I think some of those branches might be considered "overhanging".

Just a little.

"Pa's little fire was all around the house now, and he helped Ma fight it with the wet sacks. The fire blew wildly, snatching at the dry grass inside the furrow. Pa and Ma thrashed at it with the sacks, when it got across the furrow they stamped it with their feet. They ran back and forth in the smoke, fighting the fire"

Grass is supposed to be kept well watered and always trimmed. I guess I get half a point here because my grass is currently covered with snow. Never mind how long it was in the summer. It's not summer now, is it?



I do have a little bit of open space around the house, but at no point do I ever reach the minimum of 15 feet, let alone the recommended 30. I also have shrubs, flammable structures, and my propane tank all located too close for Zone 1.

Maybe I'll do better in Zone 2.


 Well, actually no.

"The prairie fire was roaring now, roaring louder and louder in the screaming wind. Great flames came roaring, flaring and twisting high. Twists of flame broke loose and came down on the wind to blaze up in the grasses far ahead of the roaring wall of fire."

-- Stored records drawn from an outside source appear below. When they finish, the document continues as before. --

(* Let $(X,d,\mu)$ be a space of homogeneous type, let $\mathcal{D}$ be a dyadic grid on $X$, let $p(\cdot)\in\mathrm{LH}$ and let $w\in A_{p(\cdot)}$. Then there exists a constant $K$ such that for every $Q\in\mathcal{D}$, \[ \|w\chi_Q\|_{p(\cdot)}\|w^{-1}\chi_Q\|_{p'(\cdot)}\le K\mu(Q). \]
   Context: A space of homogeneous type $(X,d,\mu)$: $X$ nonempty, $d$ a quasi-metric ($d(x,y)=0$ iff $x=y$, symmetric, $d(x,y)\le A_0(d(x,z)+d(z,y))$ for some $A_0\ge1$), $\mu$ a regular measure on the $\sigma$-algebra generated by balls $B(x,r)=\{y:d(x,y)<r\}$ and open sets, with $0<\mu(B(x,2r))\le C_\mu\mu(B(x,r))<\infty$. A dyadic grid on $X$ is a family $\mathcal{D}=\bigcup_{k\in\mathbb{Z}}\mathcal{D}_k$ of subsets of $X$ (cubes), with points $\{x_c(Q)\}_{Q\in\mathcal D}$ and constants $C_d>0$, $d_0>1$, $0<\epsilon<1$, such that: (1) for each $k$ the cubes of $\mathcal D_k$ are pairwise disjoint and cover $X$; (2) any two cubes are either disjoint or one contains the other; (3) each $Q_1\in\mathcal D_k$ contains at least one $Q_2\in\mathcal D_{k-1}$ (a child) and is contained in exactly one $Q_3\in\mathcal D_{k+1}$ (its parent); (4) if $Q_2$ is a child of $Q_1$ then $\mu(Q_2)\ge\epsilon\mu(Q_1)$; (5) for $Q\in\mathcal D_k$, $B(x_c(Q),d_0^k)\subseteq Q\subseteq B(x_c(Q),C_dd_0^k)$. An exponent is a measurable $p:X\to[1,\infty]$. With $X_\infty=\{p=\infty\}$, $\rho_{p(\cdot)}(f)=\int_{X\setminus X_\infty}|f(x)|^{p(x)}d\mu+\|f\|_{L^\infty(X_\infty)}$ and $\|f\|_{p(\cdot)}=\inf\{\lambda>0:\rho_{p(\cdot)}(f/\lambda)\le1\}$; $p'(x)=p(x)/(p(x)-1)$ (with $1/0=\infty$, $1/\infty=0$). $p(\cdot)\in\mathrm{LH}_0$ if there is $C_0$ with $|p(x)-p(y)|<-C_0/\log d(x,y)$ whenever $d(x,y)<1/2$; $p(\cdot)\in\mathrm{LH}_\infty$ if there are constants $C_\infty,p_\infty$ with $|p(x)-p_\infty|<C_\infty/\log(e+d(x,x_0))$ for all $x$, for a fixed base point $x_0$; $\mathrm{LH}=\mathrm{LH}_0\cap\mathrm{LH}_\infty$. A weight is a locally integrable $w:X\to[0,\infty]$ with $0<w<\infty$ a.e.; $w\in A_{p(\cdot)}$ means there is $K_0$ with $\|w\chi_B\|_{p(\cdot)}\|w^{-1}\chi_B\|_{p'(\cdot)}\le K_0\mu(B)$ for every ball $B$. *)

theory Defs
  imports "HOL-Analysis.Analysis"
begin

definition qball :: "('a \<Rightarrow> 'a \<Rightarrow> real) \<Rightarrow> 'a set \<Rightarrow> 'a \<Rightarrow> real \<Rightarrow> 'a set" where
  "qball d X x r = {y \<in> X. d x y < r}"

definition quasi_metric :: "'a set \<Rightarrow> ('a \<Rightarrow> 'a \<Rightarrow> real) \<Rightarrow> real \<Rightarrow> bool" where
  "quasi_metric X d A0 \<longleftrightarrow> A0 \<ge> 1 \<and>
     (\<forall>x\<in>X. \<forall>y\<in>X. d x y \<ge> 0 \<and> (d x y = 0 \<longleftrightarrow> x = y) \<and> d x y = d y x) \<and>
     (\<forall>x\<in>X. \<forall>y\<in>X. \<forall>z\<in>X. d x y \<le> A0 * (d x z + d z y))"

definition qopen :: "('a \<Rightarrow> 'a \<Rightarrow> real) \<Rightarrow> 'a set \<Rightarrow> 'a set \<Rightarrow> bool" where
  "qopen d X U \<longleftrightarrow> U \<subseteq> X \<and> (\<forall>x\<in>U. \<exists>r>0. qball d X x r \<subseteq> U)"

definition outer_regular :: "('a \<Rightarrow> 'a \<Rightarrow> real) \<Rightarrow> 'a measure \<Rightarrow> bool" where
  "outer_regular d M \<longleftrightarrow> (\<forall>E\<in>sets M.
     emeasure M E = (INF U\<in>{U. U \<in> sets M \<and> qopen d (space M) U \<and> E \<subseteq> U}. emeasure M U))"

definition homogeneous_space :: "('a \<Rightarrow> 'a \<Rightarrow> real) \<Rightarrow> 'a measure \<Rightarrow> bool" where
  "homogeneous_space d M \<longleftrightarrow> space M \<noteq> {} \<and>
     (\<exists>A0. quasi_metric (space M) d A0) \<and>
     sets M = sigma_sets (space M)
        ({qball d (space M) x r | x r. x \<in> space M} \<union> {U. qopen d (space M) U}) \<and>
     outer_regular d M \<and>
     (\<exists>C\<mu>. \<forall>x\<in>space M. \<forall>r>0.
        0 < emeasure M (qball d (space M) x (2*r)) \<and>
        emeasure M (qball d (space M) x (2*r)) \<le> ennreal C\<mu> * emeasure M (qball d (space M) x r) \<and>
        emeasure M (qball d (space M) x r) < \<infinity>)"

definition dyadic_grid :: "('a \<Rightarrow> 'a \<Rightarrow> real) \<Rightarrow> 'a measure \<Rightarrow> (int \<Rightarrow> 'a set set) \<Rightarrow> ('a set \<Rightarrow> 'a) \<Rightarrow> bool" where
  "dyadic_grid d M D xc \<longleftrightarrow> (\<exists>Cd d0 \<epsilon>. Cd > 0 \<and> d0 > 1 \<and> 0 < \<epsilon> \<and> \<epsilon> < 1 \<and>
     (\<forall>k. D k \<subseteq> sets M) \<and>
     (\<forall>k. pairwise disjnt (D k) \<and> \<Union>(D k) = space M) \<and>
     (\<forall>Q1\<in>(\<Union>k. D k). \<forall>Q2\<in>(\<Union>k. D k). Q1 \<inter> Q2 = {} \<or> Q1 \<subseteq> Q2 \<or> Q2 \<subseteq> Q1) \<and>
     (\<forall>k. \<forall>Q1\<in>D k. (\<exists>Q2\<in>D (k - 1). Q2 \<subseteq> Q1) \<and> (\<exists>!Q3. Q3 \<in> D (k + 1) \<and> Q1 \<subseteq> Q3)) \<and>
     (\<forall>k. \<forall>Q1\<in>D k. \<forall>Q2\<in>D (k - 1). Q2 \<subseteq> Q1 \<longrightarrow>
          emeasure M Q2 \<ge> ennreal \<epsilon> * emeasure M Q1) \<and>
     (\<forall>k. \<forall>Q\<in>D k. xc Q \<in> space M \<and>
          qball d (space M) (xc Q) (d0 powr real_of_int k) \<subseteq> Q \<and>
          Q \<subseteq> qball d (space M) (xc Q) (Cd * d0 powr real_of_int k)))"

definition exponent :: "'a measure \<Rightarrow> ('a \<Rightarrow> ereal) \<Rightarrow> bool" where
  "exponent M p \<longleftrightarrow> p \<in> borel_measurable M \<and> (\<forall>x\<in>space M. 1 \<le> p x)"

definition Xinf :: "'a measure \<Rightarrow> ('a \<Rightarrow> ereal) \<Rightarrow> 'a set" where
  "Xinf M p = {x \<in> space M. p x = \<infinity>}"

definition Linf_norm_on :: "'a measure \<Rightarrow> 'a set \<Rightarrow> ('a \<Rightarrow> real) \<Rightarrow> ennreal" where
  "Linf_norm_on M A f = (INF c\<in>{c::ennreal. AE x in M. x \<in> A \<longrightarrow> ennreal \<bar>f x\<bar> \<le> c}. c)"

definition modular :: "'a measure \<Rightarrow> ('a \<Rightarrow> ereal) \<Rightarrow> ('a \<Rightarrow> real) \<Rightarrow> ennreal" where
  "modular M p f =
     (\<integral>\<^sup>+ x. ennreal (\<bar>f x\<bar> powr real_of_ereal (p x)) * indicator (space M - Xinf M p) x \<partial>M)
     + Linf_norm_on M (Xinf M p) f"

definition var_norm :: "'a measure \<Rightarrow> ('a \<Rightarrow> ereal) \<Rightarrow> ('a \<Rightarrow> real) \<Rightarrow> ennreal" where
  "var_norm M p f = (INF t\<in>{t::real. t > 0 \<and> modular M p (\<lambda>x. f x / t) \<le> 1}. ennreal t)"

definition conj_exp :: "('a \<Rightarrow> ereal) \<Rightarrow> 'a \<Rightarrow> ereal" where
  "conj_exp p x = (if p x = 1 then \<infinity> else if p x = \<infinity> then 1 else p x / (p x - 1))"

definition LH0 :: "('a \<Rightarrow> 'a \<Rightarrow> real) \<Rightarrow> 'a set \<Rightarrow> ('a \<Rightarrow> ereal) \<Rightarrow> bool" where
  "LH0 d X p \<longleftrightarrow> (\<exists>C0. \<forall>x\<in>X. \<forall>y\<in>X. 0 < d x y \<and> d x y < 1/2 \<longrightarrow>
       \<bar>p x - p y\<bar> < ereal (- C0 / ln (d x y)))"

definition LHinf :: "('a \<Rightarrow> 'a \<Rightarrow> real) \<Rightarrow> 'a set \<Rightarrow> 'a \<Rightarrow> ('a \<Rightarrow> ereal) \<Rightarrow> bool" where
  "LHinf d X x0 p \<longleftrightarrow> (\<exists>Cinf pinf::real. \<forall>x\<in>X.
       \<bar>p x - ereal pinf\<bar> < ereal (Cinf / ln (exp 1 + d x x0)))"

definition LH :: "('a \<Rightarrow> 'a \<Rightarrow> real) \<Rightarrow> 'a set \<Rightarrow> 'a \<Rightarrow> ('a \<Rightarrow> ereal) \<Rightarrow> bool" where
  "LH d X x0 p \<longleftrightarrow> LH0 d X p \<and> LHinf d X x0 p"

definition weight :: "('a \<Rightarrow> 'a \<Rightarrow> real) \<Rightarrow> 'a measure \<Rightarrow> ('a \<Rightarrow> real) \<Rightarrow> bool" where
  "weight d M w \<longleftrightarrow> w \<in> borel_measurable M \<and> (\<forall>x\<in>space M. 0 \<le> w x) \<and>
     (\<forall>x\<in>space M. \<forall>r. set_integrable M (qball d (space M) x r) w) \<and>
     (AE x in M. 0 < w x)"

definition A_var :: "('a \<Rightarrow> 'a \<Rightarrow> real) \<Rightarrow> 'a measure \<Rightarrow> ('a \<Rightarrow> ereal) \<Rightarrow> ('a \<Rightarrow> real) \<Rightarrow> bool" where
  "A_var d M p w \<longleftrightarrow> weight d M w \<and>
     (\<exists>K0::real. \<forall>x\<in>space M. \<forall>r.
        var_norm M p (\<lambda>y. w y * indicator (qball d (space M) x r) y)
        * var_norm M (conj_exp p) (\<lambda>y. inverse (w y) * indicator (qball d (space M) x r) y)
        \<le> ennreal K0 * emeasure M (qball d (space M) x r))"

end

theory Submission
  imports Defs
begin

Zone 2 is all about reducing dry, dead fuels under your trees. Ladder fuels are things fire can use to climb from the grasses up into the tree tops. Any shrubs, long  grass, and dead branches should be cleared out from under all trees in Zone 2. Trees are also supposed to be spaced so there is at least 10 feet of open space between the crowns of the trees.





 I'm pretty sure the whole "branches completely intertwined down the entire tree row thing" doesn't meet the specifications. Not to mention the long grass, shrub, dead tree limb landscaping theme I've got going on.

I do have one thing kind of right in Zone 2. I don't have a wood pile because I don't have a wood stove, but my burn pile IS located more then 30 feet from the house.


Zone 3 begins 100 feet from all structures. That's pretty much off my property and has no trees at all, so I guess I win that one.

"Pa said that the fire had not missed them far, but a miss is as good as a mile."

Boom. Prairie wildfire preparedness.

Does anyone know the name of a good insurance agent?